Manuel Balce Ceneta/AP


President Donald Trump just did a 180 on trade with China, and steel stocks are under pressure.

US Steel is down 4.77% Monday after Trump touted his revised position on trade with China, announcing the US will put its tariffs on hold.

In March, Trump announced the US would place a 25% tariff on imported steel from China, and 10% tariff on imported aluminum.

"China has agreed to buy massive amounts of ADDITIONAL Farm/Agricultural Products - would be one of the best things to happen to our farmers in many years!"Trump tweeted.

The affirmative but vague repositioning on trade talks includes the US putting tariffs of $150 billion worth of Chinese imports on hold. China is promising to increase its imports of US agriculture and energy products. It previously said it would retaliate by putting tariffs on US agriculture products like soybeans.

It is not yet clear whether the White House intends to put steel and aluminum tariffs on hold, but steel stocks are getting hit on the assumption those tariffs may be postponed or canceled.

And US Steel Corporation shares seem to move directly in line with Trump's tariff announcements. US Steel spiked in early March when Trump announced tariffs on China, and one analyst told Business Insider the tariffs could make US Steel's operating income "laughably high."

The price of steel in the US has increased roughly 5%, since Trump's tariff announcement in early March.

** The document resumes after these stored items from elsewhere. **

lemma set_integrable_base_coords:
  fixes \<phi> :: "'a \<Rightarrow> 'c::{banach,second_countable_topology}"
  assumes meas: "\<phi> \<in> borel_measurable (restrict_space borel base)"
    and bound: "\<And>x. x \<in> base \<Longrightarrow> norm (\<phi> x) \<le> B"
  shows "set_integrable lborel base_coords (\<lambda>s. \<phi> (f s))"
proof -
  have "f \<in> measurable (restrict_space lborel base_coords) (restrict_space borel base)"
    by (rule measurable_restrict_space3)
      (auto simp: base_coords_def intro: borel_measurable_continuous_onI linear_continuous_on bounded_linear_f)
  then have "(\<lambda>s. \<phi> (f s)) \<in> borel_measurable (restrict_space lborel base_coords)"
    by (rule measurable_compose[OF _ meas])
  then have "(\<lambda>s. indicator base_coords s *\<^sub>R \<phi> (f s)) \<in> borel_measurable lborel"
    using sets_base_coords by (subst (asm) borel_measurable_restrict_space_iff) auto
  then show ?thesis
    unfolding set_integrable_def using emeasure_base_coords_finite bound sets_base_coords
    by (intro integrableI_bounded_set[where A=base_coords and B=B]) (auto simp: base_coords_def)
qed

text \<open>roof u is the function \<phi> of the shadow volume of T_u(K): the top of T_u(K) above x.\<close>
abbreviation roof :: "'a \<Rightarrow> 'a \<Rightarrow> real" where
  "roof u \<equiv> fiber_max proj K (inner u)"

lemma continuous_inner: "continuous_on X (inner u)"
  by (intro continuous_intros)

lemma roof_upper: "z \<in> K \<Longrightarrow> u \<bullet> z \<le> roof u (proj z)"
  by (rule fiber_max_upper[OF compact_K continuous_proj continuous_inner])

lemma roof_attained:
  assumes "x \<in> base"
  obtains z where "z \<in> K" "proj z = x" "u \<bullet> z = roof u x"
  using fiber_max_attained[OF compact_K continuous_proj continuous_inner] assms
  unfolding base_def by blast
(* Let $S$ be an ideal extension of a semigroup $T$ by a semigroup $U$, i.e. $T$ is isomorphic to an ideal $T'$ of $S$ and the Rees quotient $S/T'$ is isomorphic to $U$. If $T$ and $U$ are both defined by finite complete rewriting systems, then $S$ is also defined by a finite complete rewriting system.
   Context: For an ideal $I$ of a semigroup $S$, the Rees quotient $S/I$ is the quotient of $S$ by the congruence $\rho_I$ where $s\,\rho_I\, t$ iff $s=t$ or $s,t\in I$. A rewriting system $\langle X\mid R\rangle$ consists of an alphabet $X$ and rules $u\to v$ with $u,v\in X^+$; it is finite if $X,R$ are finite. One-step reduction: $w_1uw_2\to_R w_1vw_2$ for $(u\to v)\in R$; $\to_R^*$ is its reflexive transitive closure. It is noetherian if there is no infinite chain $w_1\to_R w_2\to_R\cdots$, confluent if $u\to_R^*v$, $u\to_R^*v'$ imply a common $w$ with $v\to_R^*w$, $v'\to_R^*w$, and complete if both. A semigroup is defined by $\langle X\mid R\rangle$ if it is isomorphic to $X^+$ modulo the congruence generated by $R$. *)

theory Defs
  imports "HOL-Algebra.Group"
begin

text \<open>A semigroup is modelled as an HOL-Algebra monoid record whose unit field is ignored.\<close>

definition is_semigroup :: "('a, 'm) monoid_scheme \<Rightarrow> bool" where
  "is_semigroup S \<longleftrightarrow>
     (\<forall>x\<in>carrier S. \<forall>y\<in>carrier S. x \<otimes>\<^bsub>S\<^esub> y \<in> carrier S) \<and>
     (\<forall>x\<in>carrier S. \<forall>y\<in>carrier S. \<forall>z\<in>carrier S.
        (x \<otimes>\<^bsub>S\<^esub> y) \<otimes>\<^bsub>S\<^esub> z = x \<otimes>\<^bsub>S\<^esub> (y \<otimes>\<^bsub>S\<^esub> z))"

definition semigroup_ideal :: "'a set \<Rightarrow> ('a, 'm) monoid_scheme \<Rightarrow> bool" where
  "semigroup_ideal I S \<longleftrightarrow> I \<noteq> {} \<and> I \<subseteq> carrier S \<and>
     (\<forall>s\<in>carrier S. \<forall>i\<in>I. s \<otimes>\<^bsub>S\<^esub> i \<in> I \<and> i \<otimes>\<^bsub>S\<^esub> s \<in> I)"

definition rees_class :: "'a set \<Rightarrow> 'a \<Rightarrow> 'a set" where
  "rees_class I s = (if s \<in> I then I else {s})"

definition rees_quotient :: "('a, 'm) monoid_scheme \<Rightarrow> 'a set \<Rightarrow> 'a set monoid" where
  "rees_quotient S I =
     \<lparr> carrier = rees_class I ` carrier S,
       mult = (\<lambda>A B. rees_class I ((SOME a. a \<in> A) \<otimes>\<^bsub>S\<^esub> (SOME b. b \<in> B))),
       one = undefined \<rparr>"

definition words_plus :: "'x set \<Rightarrow> 'x list set" where
  "words_plus X = {w. w \<in> lists X \<and> w \<noteq> []}"

definition rewriting_system :: "'x set \<Rightarrow> ('x list \<times> 'x list) set \<Rightarrow> bool" where
  "rewriting_system X R \<longleftrightarrow> (\<forall>(u, v)\<in>R. u \<in> words_plus X \<and> v \<in> words_plus X)"

definition rstep :: "'x set \<Rightarrow> ('x list \<times> 'x list) set \<Rightarrow> ('x list \<times> 'x list) set" where
  "rstep X R = {(w1 @ u @ w2, w1 @ v @ w2) | w1 u v w2.
                  (u, v) \<in> R \<and> w1 \<in> lists X \<and> w2 \<in> lists X}"
text \<open>Copies are placed along the cycle C_m = 0,1,...,m-1,0; the edge between
  copies i and i+1 (mod m) joins v_4 of copy i to v_1 of copy i+1.\<close>
definition ring_E :: "(nat \<Rightarrow> nat \<Rightarrow> bool) \<Rightarrow> nat \<Rightarrow> nat \<times> nat \<Rightarrow> nat \<times> nat \<Rightarrow> bool" where
  "ring_E H m x y \<longleftrightarrow> x \<in> ring_V m \<and> y \<in> ring_V m \<and>
     ((fst x = fst y \<and> H (snd x) (snd y)) \<or>
      (snd x = 4 \<and> snd y = 1 \<and> fst y = (fst x + 1) mod m) \<or>
      (snd x = 1 \<and> snd y = 4 \<and> fst x = (fst y + 1) mod m))"

abbreviation "G1_E m \<equiv> ring_E H4 m"
abbreviation "G2_E m \<equiv> ring_E H2 m"

end

theory Submission
  imports Defs
begin

(* Both graphs are rings of m six-vertex gadgets, the port edge v4 v1 joining copy i to copy i + 1.
  Cubicity is local, and the hexagon v1 ... v6 of a gadget, coloured alternately, together with the
  perfect matching formed by the chords and the port edges gives a 3-edge-colouring. Every edge
  lies on a cycle (a short cycle inside a gadget, or the long cycle through v1 v2 v3 v4 of all
  copies), so there is no bridge; G2 is bipartite by the parity of the vertex index, hence has no
  triangle. For c2: in each copy every vertex misses one of a few nonempty vertex sets whose
  members have at most one neighbour outside the set; such a set is never infected from outside,
  so a conversion set meets every copy twice, while two well-chosen vertices per copy convert the
  whole graph in two rounds. Thus c2 = 2m, and with |V| = 6m the claimed identity is arithmetic. *)

lemma proper_edge_colouringI:
  assumes sym: "\<And>x y. E x y \<Longrightarrow> E y x"
    and distinct_at_vertex: "\<And>x y z. E x y \<Longrightarrow> E x z \<Longrightarrow> y \<noteq> z \<Longrightarrow> c {x, y} \<noteq> c {x, z}"
    and bounded: "\<And>e. c e < k"
  shows "proper_edge_colouring V E k c"
  unfolding proper_edge_colouring_def
proof (intro conjI ballI impI)
  fix e f assume e: "e \<in> edges V E" and f: "f \<in> edges V E" and ef: "e \<noteq> f \<and> e \<inter> f \<noteq> {}"
  obtain x where x: "x \<in> e" "x \<in> f" using ef by blast
  obtain y where y: "e = {x, y}" "E x y" using e x sym by (auto simp: edges_def insert_commute)
  obtain z where z: "f = {x, z}" "E x z" using f x sym by (auto simp: edges_def insert_commute)
  show "c e \<noteq> c f" using distinct_at_vertex[OF y(2) z(2)] y(1) z(1) ef by auto
qed (rule bounded)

That's a direct result from the initial tariffs, according to UBS analyst Andreas Bokkenheuser. "A temporary drop in steel imports triggered by Section 232 has supported prices," he wrote in a note to clients.

"Potential trade deals with China will likely encourage steel imports once more - and, in turn, accelerate a US steel price correction, in our view," he said. "We advise caution on the US steel sector."

Nucor, another steel manufacturer in the US is also off slightly, just over 1%.

US Steel Corporation is down 5.84% on the year.